(* Let $\vec{\Phi}_1,\vec{\Phi}_2\in\mathbb{R}^2$ be unit vectors with $\vec{\Phi}_1\cdot\vec{\Phi}_2=1/2$, let $\vec{\phi}_1=-(\vec{\Phi}_1+\vec{\Phi}_2)/3$, and let $\mathbb{E}_1=\{n\vec{\Phi}_1+m\vec{\Phi}_2+\vec{\phi}_1 \mid n,m\in\mathbb{Z}\}$. For $\vec{\lambda}\in\mathbb{R}^2$ put $N(\vec{\lambda})=\vec{\lambda}\cdot\vec{\lambda}$. Let $L>0$. Then there are exactly $3$ distinct vectors $\vec{\lambda}\in\mathbb{E}_1$ with $\sqrt{N(\vec{\lambda})}=L$ if and only if $L=3^{-1/2}\prod_j m_j^{\mu_j}$, a finite product with exponents $\mu_j\in\mathbb{N}$ and primes $m_j\equiv 2\pmod{3}$.
   Context: $\mathbb{E}_1$ is the triangular lattice spanned by $\vec{\Phi}_1,\vec{\Phi}_2$ (angle $60^\circ$) translated by $\vec{\phi}_1$; $N$ is the squared Euclidean norm. *)

theory Defs
  imports "HOL-Analysis.Analysis" "HOL-Library.Multiset" "HOL-Computational_Algebra.Primes"
begin

definition lattice_E1 :: "real^2 \<Rightarrow> real^2 \<Rightarrow> (real^2) set" where
  "lattice_E1 \<Phi>1 \<Phi>2 =
     {of_int n *\<^sub>R \<Phi>1 + of_int m *\<^sub>R \<Phi>2 - (1/3) *\<^sub>R (\<Phi>1 + \<Phi>2) | n m :: int. True}"

definition normN :: "real^2 \<Rightarrow> real" where
  "normN v = v \<bullet> v"

end

theory Submission
  imports Defs "HOL-Number_Theory.Number_Theory" "HOL-Library.Discrete_Functions"
begin

text \<open>
  Every point of \<open>E\<^sub>1\<close> is \<open>(a \<Phi>\<^sub>1 + b \<Phi>\<^sub>2) / 3\<close> with \<open>a \<equiv> b \<equiv> 2 (mod 3)\<close>, and its
  squared norm is \<open>(a\<^sup>2 + ab + b\<^sup>2) / 9\<close>; so we count the representations of \<open>K = 9 L\<^sup>2\<close>
  by this form subject to the congruences. They are permuted by the rotations by \<open>\<plusminus>120\<degree>\<close> and
  the reflection \<open>a \<leftrightarrow> b\<close>, so three representations are only possible if one of them lies on
  a mirror axis, which forces \<open>K = 3 t\<^sup>2\<close> with \<open>t \<equiv> 2 (mod 3)\<close>. A prime \<open>p \<equiv> 1 (mod 3)\<close>
  dividing \<open>t\<close> is itself of the form \<open>c\<^sup>2 + cd + d\<^sup>2\<close> (Thue's lemma), and squaring \<open>c - d\<omega>\<close>
  yields a representation of \<open>3 t\<^sup>2\<close> off the axes, hence at least four. Conversely, a prime
  \<open>p \<equiv> 2 (mod 3)\<close> dividing \<open>a\<^sup>2 + ab + b\<^sup>2\<close> divides \<open>a\<close> and \<open>b\<close>, because cubing is injective
  modulo \<open>p\<close>. So if \<open>t\<close> is a product of such primes, every representation of \<open>3 t\<^sup>2\<close> is \<open>t\<close>
  times one of the six representations of \<open>3\<close>, and exactly three of these meet the congruences.
\<close>

text \<open>The norm of \<open>x - y\<omega>\<close> in \<open>\<int>[\<omega>]\<close>, \<open>\<omega>\<close> a primitive cube root of unity.\<close>

definition eisenstein_norm :: "int \<Rightarrow> int \<Rightarrow> int" where
  "eisenstein_norm x y = x^2 + x*y + y^2"

lemma four_eisenstein_norm: "4 * eisenstein_norm x y = (2*x + y)^2 + 3 * y^2"
  by (simp add: eisenstein_norm_def power2_eq_square algebra_simps)

lemma eisenstein_norm_pos:
  assumes "x \<noteq> 0 \<or> y \<noteq> 0"
  shows "eisenstein_norm x y > 0"
proof (cases "y = 0")
  case True
  then show ?thesis using assms by (simp add: eisenstein_norm_def)
next
  case False
  then have "4 * eisenstein_norm x y > 0"
    unfolding four_eisenstein_norm by (simp add: add_nonneg_pos)
  then show ?thesis by simp
qed

lemma eisenstein_norm_nonneg: "eisenstein_norm x y \<ge> 0"
  using eisenstein_norm_pos[of x y] by (cases "x = 0 \<and> y = 0") (auto simp: eisenstein_norm_def)

lemma eisenstein_norm_commute: "eisenstein_norm y x = eisenstein_norm x y"
  and eisenstein_norm_scale: "eisenstein_norm (c*x) (c*y) = c^2 * eisenstein_norm x y"
  and eisenstein_norm_shear: "eisenstein_norm (x - y) (x + 2*y) = 3 * eisenstein_norm x y"
  by (simp_all add: eisenstein_norm_def power2_eq_square algebra_simps)

lemma eisenstein_norm_mult:
  "eisenstein_norm x1 y1 * eisenstein_norm x2 y2 =
     eisenstein_norm (x1*x2 - y1*y2) (x1*y2 + x2*y1 + y1*y2)"
  by (simp add: eisenstein_norm_def power2_eq_square algebra_simps)

lemma even_eisenstein_norm_imp_even:
  assumes "even (eisenstein_norm x y)"
  shows "even x \<and> even y"
  using assms by (cases "even x"; cases "even y") (auto simp: eisenstein_norm_def power2_eq_square)

lemma eisenstein_norm_eq_3_iff:
  "eisenstein_norm x y = 3 \<longleftrightarrow> (x, y) \<in> {(1,1), (-1,-1), (1,-2), (-2,1), (-1,2), (2,-1)}"
proof
  assume Q: "eisenstein_norm x y = 3"
  have "(2*x + y)^2 + 3 * y^2 = 12" "(2*y + x)^2 + 3 * x^2 = 12"
    using four_eisenstein_norm[of x y] four_eisenstein_norm[of y x] Q
    by (simp_all add: eisenstein_norm_commute)
  then have "x^2 \<le> 4" "y^2 \<le> 4"
    using zero_le_power2[of "2*x + y"] zero_le_power2[of "2*y + x"] by linarith+
  then have "\<bar>x\<bar> \<le> 2" "\<bar>y\<bar> \<le> 2"
    using abs_le_square_iff[of x 2] abs_le_square_iff[of y 2] by simp_all
  then have "x \<in> {-2, -1, 0, 1, 2}" "y \<in> {-2, -1, 0, 1, 2}" by auto
  then show "(x, y) \<in> {(1,1), (-1,-1), (1,-2), (-2,1), (-1,2), (2,-1)}"
    using Q by (auto simp: eisenstein_norm_def)
qed (auto simp: eisenstein_norm_def)

lemma fermat_theorem_int:
  fixes p :: nat and z :: int
  assumes p: "prime p" and z: "\<not> int p dvd z"
  shows "[z^(p-1) = 1] (mod int p)"
proof -
  have "coprime z (int p)"
    using prime_imp_coprime[of "int p" z] p z by (simp add: coprime_commute)
  then show ?thesis
    using residues.euler_theorem[of "int p" z] prime_gt_1_nat[OF p]
    by (simp add: residues_def totient_prime[OF p])
qed

lemma cube_cong_imp_cong:
  fixes p :: nat and x y :: int
  assumes p: "prime p" "p mod 3 = 2" and cubes: "[x^3 = y^3] (mod int p)"
  shows "[x = y] (mod int p)"
proof -
  have prime_int: "prime (int p)"
    using p(1) by simp
  have dvd_iff: "int p dvd x \<longleftrightarrow> int p dvd y"
    using cong_dvd_iff[OF cubes] prime_int by (simp add: prime_dvd_power_iff)
  show ?thesis
  proof (cases "int p dvd y")
    case True
    with dvd_iff show ?thesis
      by (simp add: cong_iff_dvd_diff)
  next
    case False
    with dvd_iff have x: "\<not> int p dvd x" by blast
    \<comment> \<open>Since \<open>p - 1 = 3k + 1\<close>, Fermat's little theorem recovers \<open>z\<close> from \<open>z^3\<close>.\<close>
    define k where "k = p div 3"
    have pow: "z^(p-1) = (z^3)^k * z" for z :: int
    proof -
      have "p - 1 = 3*k + 1"
        using p(2) unfolding k_def by presburger
      then show ?thesis
        by (simp add: power_mult power_add)
    qed
    have "[(y^3)^k * x = (x^3)^k * x] (mod int p)"
      by (intro cong_mult cong_pow cong_refl cong_sym[OF cubes])
    also have "[(x^3)^k * x = 1] (mod int p)"
      using fermat_theorem_int[OF p(1) x] by (simp only: pow)
    also have "[1 = (y^3)^k * y] (mod int p)"
      using fermat_theorem_int[OF p(1) False] unfolding pow by (rule cong_sym)
    finally have "[(y^3)^k * x = (y^3)^k * y] (mod int p)" .
    moreover have "coprime ((y^3)^k) (int p)"
      using prime_imp_coprime[OF prime_int False] by (simp add: coprime_commute)
    ultimately show ?thesis
      using cong_mult_lcancel by blast
  qed
qed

────────────────────────────────────────

◆ Required action: Of the lines above, extract only those from the line with "Every point of" to the line with "y = x^2 + x*y", both included, exactly as written.

◆ Finished exercise:
  Every point of \<open>E\<^sub>1\<close> is \<open>(a \<Phi>\<^sub>1 + b \<Phi>\<^sub>2) / 3\<close> with \<open>a \<equiv> b \<equiv> 2 (mod 3)\<close>, and its
  squared norm is \<open>(a\<^sup>2 + ab + b\<^sup>2) / 9\<close>; so we count the representations of \<open>K = 9 L\<^sup>2\<close>
  by this form subject to the congruences. They are permuted by the rotations by \<open>\<plusminus>120\<degree>\<close> and
  the reflection \<open>a \<leftrightarrow> b\<close>, so three representations are only possible if one of them lies on
  a mirror axis, which forces \<open>K = 3 t\<^sup>2\<close> with \<open>t \<equiv> 2 (mod 3)\<close>. A prime \<open>p \<equiv> 1 (mod 3)\<close>
  dividing \<open>t\<close> is itself of the form \<open>c\<^sup>2 + cd + d\<^sup>2\<close> (Thue's lemma), and squaring \<open>c - d\<omega>\<close>
  yields a representation of \<open>3 t\<^sup>2\<close> off the axes, hence at least four. Conversely, a prime
  \<open>p \<equiv> 2 (mod 3)\<close> dividing \<open>a\<^sup>2 + ab + b\<^sup>2\<close> divides \<open>a\<close> and \<open>b\<close>, because cubing is injective
  modulo \<open>p\<close>. So if \<open>t\<close> is a product of such primes, every representation of \<open>3 t\<^sup>2\<close> is \<open>t\<close>
  times one of the six representations of \<open>3\<close>, and exactly three of these meet the congruences.
\<close>

text \<open>The norm of \<open>x - y\<omega>\<close> in \<open>\<int>[\<omega>]\<close>, \<open>\<omega>\<close> a primitive cube root of unity.\<close>

definition eisenstein_norm :: "int \<Rightarrow> int \<Rightarrow> int" where
  "eisenstein_norm x y = x^2 + x*y + y^2"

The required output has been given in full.